Input material »
****************************************
(* Let $p$ be a prime with $p\equiv 1 \pmod 4$, let $G=\mathbb{Z}_{2p}$ and $H=\{0,p\}\le G$. Define $A_0=\{s,\ s+p\in\mathbb{Z}_{2p}: s\in\{1,\dots,p-1\} \text{ is a quadratic residue modulo } p\}$ and $A_1=\{t,\ t+p\in\mathbb{Z}_{2p}: t\in\{1,\dots,p-1\} \text{ is a quadratic non-residue modulo } p\}$ (so $|A_0|=|A_1|=p-1$ and $\mathbb{Z}_{2p}\setminus(A_0\cup A_1)=H$). Then (i) $\Delta(A_0)=\frac{p-5}{2}A_0\cup\frac{p-1}{2}A_1\cup(p-1)\{p\}$; (ii) $\Delta(A_1)=\frac{p-5}{2}A_1\cup\frac{p-1}{2}A_0\cup(p-1)\{p\}$; (iii) $\{A_0,A_1\}$ is a $(2p,2,p-1,p-3,2p-2)$-DPDF and a $(2p,2,p-1,p-1,0)$-EPDF in $\mathbb{Z}_{2p}$.
   Context: For $D\subseteq \mathbb{Z}_v$, $\Delta(D)$ is the multiset $\{x-y:x,y\in D,x\ne y\}$, and $\Delta(D_1,D_2)$ is the multiset $\{x-y:x\in D_1,y\in D_2\}$. For a nonnegative integer $\lambda$ and a set $X$, $\lambda X$ denotes the multiset consisting of $\lambda$ copies of each element of $X$, and $\cup$ between multisets denotes multiset union. For a family $A=\{A_1,\dots,A_s\}$ of pairwise disjoint subsets, ${\rm Int}(A)=\bigcup_i\Delta(A_i)$ and ${\rm Ext}(A)=\bigcup_{i\ne j}\Delta(A_i,A_j)$. In a group $G$ of order $v$ with identity $0$, a $(v,s,k,\lambda,\mu)$-DPDF is a family of $s$ pairwise disjoint $k$-subsets of $G\setminus\{0\}$ with union $S$ such that ${\rm Int}(A)$ contains each element of $S$ exactly $\lambda$ times and each element of $G\setminus(S\cup\{0\})$ exactly $\mu$ times; a $(v,s,k,\lambda,\mu)$-EPDF is defined the same way using ${\rm Ext}(A)$. *)

theory Defs
  imports "HOL-Library.Multiset" "HOL-Number_Theory.Number_Theory"
begin

text \<open>The cyclic group Z_v is represented by the integers 0..v-1 with addition mod v.\<close>

definition zgrp :: "int \<Rightarrow> int set" where
  "zgrp v = {0..<v}"

definition Delta :: "int \<Rightarrow> int set \<Rightarrow> int multiset" where
  "Delta v D = image_mset (\<lambda>(x, y). (x - y) mod v)
      (mset_set {(x, y). x \<in> D \<and> y \<in> D \<and> x \<noteq> y})"

definition Delta2 :: "int \<Rightarrow> int set \<Rightarrow> int set \<Rightarrow> int multiset" where
  "Delta2 v D1 D2 = image_mset (\<lambda>(x, y). (x - y) mod v) (mset_set (D1 \<times> D2))"

definition mcopies :: "nat \<Rightarrow> 'a set \<Rightarrow> 'a multiset" where
  "mcopies l X = repeat_mset l (mset_set X)"

definition IntD :: "int \<Rightarrow> int set set \<Rightarrow> int multiset" where
  "IntD v F = (\<Sum>A\<in>F. Delta v A)"

definition ExtD :: "int \<Rightarrow> int set set \<Rightarrow> int multiset" where
  "ExtD v F = (\<Sum>(A, B)\<in>{(A, B). A \<in> F \<and> B \<in> F \<and> A \<noteq> B}. Delta2 v A B)"

definition pdf_family :: "int \<Rightarrow> nat \<Rightarrow> nat \<Rightarrow> int set set \<Rightarrow> bool" where
  "pdf_family v s k F \<longleftrightarrow> finite F \<and> card F = s \<and>
     (\<forall>A\<in>F. A \<subseteq> zgrp v - {0} \<and> card A = k) \<and>
     (\<forall>A\<in>F. \<forall>B\<in>F. A \<noteq> B \<longrightarrow> A \<inter> B = {})"

definition is_DPDF :: "int \<Rightarrow> nat \<Rightarrow> nat \<Rightarrow> nat \<Rightarrow> nat \<Rightarrow> int set set \<Rightarrow> bool" where
  "is_DPDF v s k l m F \<longleftrightarrow> pdf_family v s k F \<and>
     (\<forall>x\<in>\<Union>F. count (IntD v F) x = l) \<and>
     (\<forall>x\<in>zgrp v - (\<Union>F \<union> {0}). count (IntD v F) x = m)"

definition is_EPDF :: "int \<Rightarrow> nat \<Rightarrow> nat \<Rightarrow> nat \<Rightarrow> nat \<Rightarrow> int set set \<Rightarrow> bool" where
  "is_EPDF v s k l m F \<longleftrightarrow> pdf_family v s k F \<and>
     (\<forall>x\<in>\<Union>F. count (ExtD v F) x = l) \<and>
     (\<forall>x\<in>zgrp v - (\<Union>F \<union> {0}). count (ExtD v F) x = m)"

end

theory Submission
  imports Defs
begin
****************************************
Description of the task » Your answer must be an exact transcription of all the data above.

Completed task »
(* Let $p$ be a prime with $p\equiv 1 \pmod 4$, let $G=\mathbb{Z}_{2p}$ and $H=\{0,p\}\le G$. Define $A_0=\{s,\ s+p\in\mathbb{Z}_{2p}: s\in\{1,\dots,p-1\} \text{ is a quadratic residue modulo } p\}$ and $A_1=\{t,\ t+p\in\mathbb{Z}_{2p}: t\in\{1,\dots,p-1\} \text{ is a quadratic non-residue modulo } p\}$ (so $|A_0|=|A_1|=p-1$ and $\mathbb{Z}_{2p}\setminus(A_0\cup A_1)=H$). Then (i) $\Delta(A_0)=\frac{p-5}{2}A_0\cup\frac{p-1}{2}A_1\cup(p-1)\{p\}$; (ii) $\Delta(A_1)=\frac{p-5}{2}A_1\cup\frac{p-1}{2}A_0\cup(p-1)\{p\}$; (iii) $\{A_0,A_1\}$ is a $(2p,2,p-1,p-3,2p-2)$-DPDF and a $(2p,2,p-1,p-1,0)$-EPDF in $\mathbb{Z}_{2p}$.
   Context: For $D\subseteq \mathbb{Z}_v$, $\Delta(D)$ is the multiset $\{x-y:x,y\in D,x\ne y\}$, and $\Delta(D_1,D_2)$ is the multiset $\{x-y:x\in D_1,y\in D_2\}$. For a nonnegative integer $\lambda$ and a set $X$, $\lambda X$ denotes the multiset consisting of $\lambda$ copies of each element of $X$, and $\cup$ between multisets denotes multiset union. For a family $A=\{A_1,\dots,A_s\}$ of pairwise disjoint subsets, ${\rm Int}(A)=\bigcup_i\Delta(A_i)$ and ${\rm Ext}(A)=\bigcup_{i\ne j}\Delta(A_i,A_j)$. In a group $G$ of order $v$ with identity $0$, a $(v,s,k,\lambda,\mu)$-DPDF is a family of $s$ pairwise disjoint $k$-subsets of $G\setminus\{0\}$ with union $S$ such that ${\rm Int}(A)$ contains each element of $S$ exactly $\lambda$ times and each element of $G\setminus(S\cup\{0\})$ exactly $\mu$ times; a $(v,s,k,\lambda,\mu)$-EPDF is defined the same way using ${\rm Ext}(A)$. *)

theory Defs
  imports "HOL-Library.Multiset" "HOL-Number_Theory.Number_Theory"
begin

text \<open>The cyclic group Z_v is represented by the integers 0..v-1 with addition mod v.\<close>

definition zgrp :: "int \<Rightarrow> int set" where
  "zgrp v = {0..<v}"

definition Delta :: "int \<Rightarrow> int set \<Rightarrow> int multiset" where
  "Delta v D = image_mset (\<lambda>(x, y). (x - y) mod v)
      (mset_set {(x, y). x \<in> D \<and> y \<in> D \<and> x \<noteq> y})"

definition Delta2 :: "int \<Rightarrow> int set \<Rightarrow> int set \<Rightarrow> int multiset" where
  "Delta2 v D1 D2 = image_mset (\<lambda>(x, y). (x - y) mod v) (mset_set (D1 \<times> D2))"

definition mcopies :: "nat \<Rightarrow> 'a set \<Rightarrow> 'a multiset" where
  "mcopies l X = repeat_mset l (mset_set X)"

definition IntD :: "int \<Rightarrow> int set set \<Rightarrow> int multiset" where
  "IntD v F = (\<Sum>A\<in>F. Delta v A)"

definition ExtD :: "int \<Rightarrow> int set set \<Rightarrow> int multiset" where
  "ExtD v F = (\<Sum>(A, B)\<in>{(A, B). A \<in> F \<and> B \<in> F \<and> A \<noteq> B}. Delta2 v A B)"

definition pdf_family :: "int \<Rightarrow> nat \<Rightarrow> nat \<Rightarrow> int set set \<Rightarrow> bool" where
  "pdf_family v s k F \<longleftrightarrow> finite F \<and> card F = s \<and>
     (\<forall>A\<in>F. A \<subseteq> zgrp v - {0} \<and> card A = k) \<and>
     (\<forall>A\<in>F. \<forall>B\<in>F. A \<noteq> B \<longrightarrow> A \<inter> B = {})"

definition is_DPDF :: "int \<Rightarrow> nat \<Rightarrow> nat \<Rightarrow> nat \<Rightarrow> nat \<Rightarrow> int set set \<Rightarrow> bool" where
  "is_DPDF v s k l m F \<longleftrightarrow> pdf_family v s k F \<and>
     (\<forall>x\<in>\<Union>F. count (IntD v F) x = l) \<and>
     (\<forall>x\<in>zgrp v - (\<Union>F \<union> {0}). count (IntD v F) x = m)"

definition is_EPDF :: "int \<Rightarrow> nat \<Rightarrow> nat \<Rightarrow> nat \<Rightarrow> nat \<Rightarrow> int set set \<Rightarrow> bool" where
  "is_EPDF v s k l m F \<longleftrightarrow> pdf_family v s k F \<and>
     (\<forall>x\<in>\<Union>F. count (ExtD v F) x = l) \<and>
     (\<forall>x\<in>zgrp v - (\<Union>F \<union> {0}). count (ExtD v F) x = m)"

end

theory Submission
  imports Defs
begin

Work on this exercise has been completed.